- Born: 1787 Great Britain
- Died: 27 March 1826 (aged 38–39) Buenos Aires, Argentina
- Buried: Cementerio de los Disidentes, Buenos Aires
- Allegiance: United Kingdom Argentina
- Branch: Royal Navy Argentine Navy
- Service years: 1798–1826
- Conflicts: Cisplatine War

= Enrique Guillermo Parker =

British-born Argentine naval officer

Enrique Guillermo Parker was a British-born Argentine Navy Captain who participated in the Cisplatine War waged by the Argentine Republic against the Empire of Brazil.

==Early life==
Parker was born in 1787 in Great Britain. In 1798 he enrolled as an apprentice in the Royal Navy and after reaching the rank of Lieutenant, emigrated to South America in 1816.

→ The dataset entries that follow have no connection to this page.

text \<open>Dirichlet energy: sum over edges {x,y} of (f x - f y)^2; each unordered
  edge is counted twice in the ordered double sum, hence the factor 1/2.\<close>
definition edge_energy :: "('n::finite \<Rightarrow> 'n \<Rightarrow> bool) \<Rightarrow> real^'n \<Rightarrow> real" where
  "edge_energy E f = (\<Sum>x\<in>UNIV. \<Sum>y\<in>{y. E x y}. (f$x - f$y)^2) / 2"

definition rayleigh :: "('n::finite \<Rightarrow> 'n \<Rightarrow> bool) \<Rightarrow> 'n set \<Rightarrow> real^'n \<Rightarrow> ereal" where
  "rayleigh E B f =
     (if (\<Sum>x\<in>B. (f$x)^2) = 0 then \<infinity>
      else ereal (edge_energy E f / (\<Sum>x\<in>B. (f$x)^2)))"

definition steklov :: "('n::finite \<Rightarrow> 'n \<Rightarrow> bool) \<Rightarrow> 'n set \<Rightarrow> nat \<Rightarrow> ereal" where
  "steklov E B k =
     (INF W\<in>{W :: (real^'n) set. subspace W \<and> dim W = k}.
        SUP f\<in>W - {0}. rayleigh E B f)"

text \<open>Principal submatrix of L indexed by B (rows/columns listed in some fixed
  enumeration of B; the eigenvalues do not depend on the enumeration).\<close>
definition boundary_list :: "'n set \<Rightarrow> 'n list" where
  "boundary_list B = (SOME xs. distinct xs \<and> set xs = B)"

definition principal_submatrix :: "('n \<Rightarrow> 'n \<Rightarrow> real) \<Rightarrow> 'n set \<Rightarrow> real Matrix.mat" where
  "principal_submatrix M B =
     (let xs = boundary_list B
      in Matrix.mat (length xs) (length xs) (\<lambda>(i,j). M (xs!i) (xs!j)))"

text \<open>Eigenvalues with multiplicity (roots of the characteristic polynomial),
  in nondecreasing order; mat_eigenvalue A k = mu_k(A) for 1 <= k <= dim.\<close>
definition mat_eigenvalue :: "real Matrix.mat \<Rightarrow> nat \<Rightarrow> real" where
  "mat_eigenvalue A k = sorted_list_of_multiset (proots (char_poly A)) ! (k - 1)"

end

theory Submission
  imports Defs
begin

text \<open>On functions supported on B the boundary norm is the full Euclidean norm, and the
  Dirichlet energy is the quadratic form of the compression of L to B, whose matrix in the
  standard basis is N. This compression is self-adjoint, so it has an orthonormal eigenbasis
  with eigenvalues \<mu>_1(N) \<le> ... \<le> \<mu>_|B|(N). On the span of the first k eigenvectors
  the Rayleigh quotient is at most \<mu>_k(N), and this k-dimensional space is admissible in
  the min-max definition of \<sigma>_k.\<close>

section \<open>Spectral theorem for self-adjoint operators\<close>

lemma linear_quadratic_nonneg_imp_zero:
  fixes b c :: real
  assumes nonneg: "\<And>t. 0 \<le> t * b + t\<^sup>2 * c"
  shows "b = 0"
proof (rule ccontr)
  assume "b \<noteq> 0"
  define a where "a = \<bar>c\<bar> + 1"
  define t where "t = - b / a"
  have "a > 0" and "c \<le> a - 1" unfolding a_def by auto
  have "t * b + t\<^sup>2 * c \<le> t * b + t\<^sup>2 * (a - 1)"
    using \<open>c \<le> a - 1\<close> by (simp add: mult_left_mono)
  also have "\<dots> = - (b / a)\<^sup>2"
    unfolding t_def using \<open>a > 0\<close> by (simp add: field_simps power2_eq_square)
  also have "\<dots> < 0"
    using \<open>b \<noteq> 0\<close> \<open>a > 0\<close> by simp
  finally show False using nonneg[of t] by simp
qed

text \<open>The form l|y|^2 - \<langle>y, T y\<rangle> is nonnegative on S and vanishes at x, so its derivative at x
  in the direction w = l x - T x, which is 2|w|^2, must vanish.\<close>

lemma selfadjoint_max_quadratic_imp_eigenvector:
  fixes T :: "'a::real_inner \<Rightarrow> 'a"
  assumes lin: "linear T" and sym: "\<And>x y. inner (T x) y = inner x (T y)"
    and S: "subspace S" and inv: "\<And>x. x \<in> S \<Longrightarrow> T x \<in> S"
    and x: "x \<in> S" and le: "\<And>y. y \<in> S \<Longrightarrow> inner y (T y) \<le> l * inner y y"
    and eq: "inner x (T x) = l * inner x x"
  shows "T x = l *\<^sub>R x"
proof -
  define Q where "Q y = l * inner y y - inner y (T y)" for y
  define w where "w = l *\<^sub>R x - T x"
  have w: "w \<in> S" unfolding w_def using S x inv by (simp add: subspace_diff subspace_scale)
  have ww: "l * inner x w - inner w (T x) = inner w w"
    unfolding w_def by (simp add: inner_diff_left inner_diff_right inner_commute algebra_simps)
  have "Q (x + t *\<^sub>R w) = Q x + t * (2 * (l * inner x w - inner w (T x))) + t\<^sup>2 * Q w" for t
    using lin sym[of x w]
    by (simp add: Q_def linear_add linear_scale algebra_simps power2_eq_square inner_commute)
  then have "Q (x + t *\<^sub>R w) = t * (2 * inner w w) + t\<^sup>2 * Q w" for t
    using eq by (simp add: Q_def ww)
  moreover have "0 \<le> Q (x + t *\<^sub>R w)" for t
    using le[of "x + t *\<^sub>R w"] S x w by (simp add: Q_def subspace_add subspace_scale)
  ultimately have "2 * inner w w = 0"
    by (intro linear_quadratic_nonneg_imp_zero[of _ "Q w"]) metis
  then show ?thesis unfolding w_def by simp
qed

lemma selfadjoint_eigenvector_exists:
  fixes T :: "'a::euclidean_space \<Rightarrow> 'a"
  assumes lin: "linear T" and sym: "\<And>x y. inner (T x) y = inner x (T y)"
    and S: "subspace S" and inv: "\<And>x. x \<in> S \<Longrightarrow> T x \<in> S" and nontrivial: "S \<noteq> {0}"
  obtains v where "v \<in> S" "norm v = 1" "T v = inner v (T v) *\<^sub>R v"
proof -
  let ?q = "\<lambda>x. inner x (T x)"
  let ?K = "S \<inter> sphere 0 1"
  have "compact ?K"
    using compact_Int_closed[OF compact_sphere closed_subspace[OF S]] by (simp add: Int_commute)
  moreover obtain z where "z \<in> S" "z \<noteq> 0" using nontrivial S subspace_0 by blast
  then have "z /\<^sub>R norm z \<in> ?K" using S by (simp add: subspace_scale)
  then have "?K \<noteq> {}" by blast
  moreover have "continuous_on ?K ?q"
    using linear_continuous_on[OF linear_conv_bounded_linear[THEN iffD1, OF lin]]
    by (intro continuous_intros)
  ultimately obtain v where v: "v \<in> ?K" and max: "\<And>y. y \<in> ?K \<Longrightarrow> ?q y \<le> ?q v"
    using continuous_attains_sup by metis
  have "?q y \<le> ?q v * inner y y" if y: "y \<in> S" for y
  proof (cases "y = 0")
    case True then show ?thesis using lin by (simp add: linear_0)
  next
    case False
    then have "?q (y /\<^sub>R norm y) \<le> ?q v" using y S by (intro max) (simp add: subspace_scale)
    moreover have "?q (y /\<^sub>R norm y) = ?q y / inner y y"
      using lin False
      by (simp add: linear_scale power2_norm_eq_inner[symmetric] field_simps power2_eq_square)
    ultimately show ?thesis using False by (simp add: divide_le_eq)
  qed
  moreover have "inner v v = 1" using v by (simp add: dot_square_norm)
  ultimately have "T v = ?q v *\<^sub>R v"
    using v by (intro selfadjoint_max_quadratic_imp_eigenvector[OF lin sym S inv]) auto
  then show thesis using v that by auto
qed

He then joined the Argentine Navy under the command of Guillermo Brown following the approval of Brigadier General José Matías Zapiola.

At the beginning of the war with Brazil, he was in Buenos Aires and offered his services to the Argentine Navy, enlisted by Brigadier-General José Matías Zapiola.

==Later career==
He was appointed second in command of the flagship frigate ARA Veinticinco de Mayo, before later being promoted to command the frigate.

He fought in the Battle of Punta Colares off the coast of Buenos Aires and was recognised for his bravery by Admiral Guillermo Brown.

He later received command of the brigantine Congreso, a ship which participated in the attack on Colonia del Sacramento on 1 March 1826 in which he was seriously wounded. He suffered from tuberculosis and the rigors of the campaign aggravated his ailment. Soon after, he died on 27 March 1826 at the Hospital de Sangre de la Merced in Buenos Aires and was buried in the Dissidents Cemetery in Buenos Aires.

The first vessel to bear his name was the minehunter ARA Parker (M-11). It is currently carried by the ARA Parker (P-44) corvette.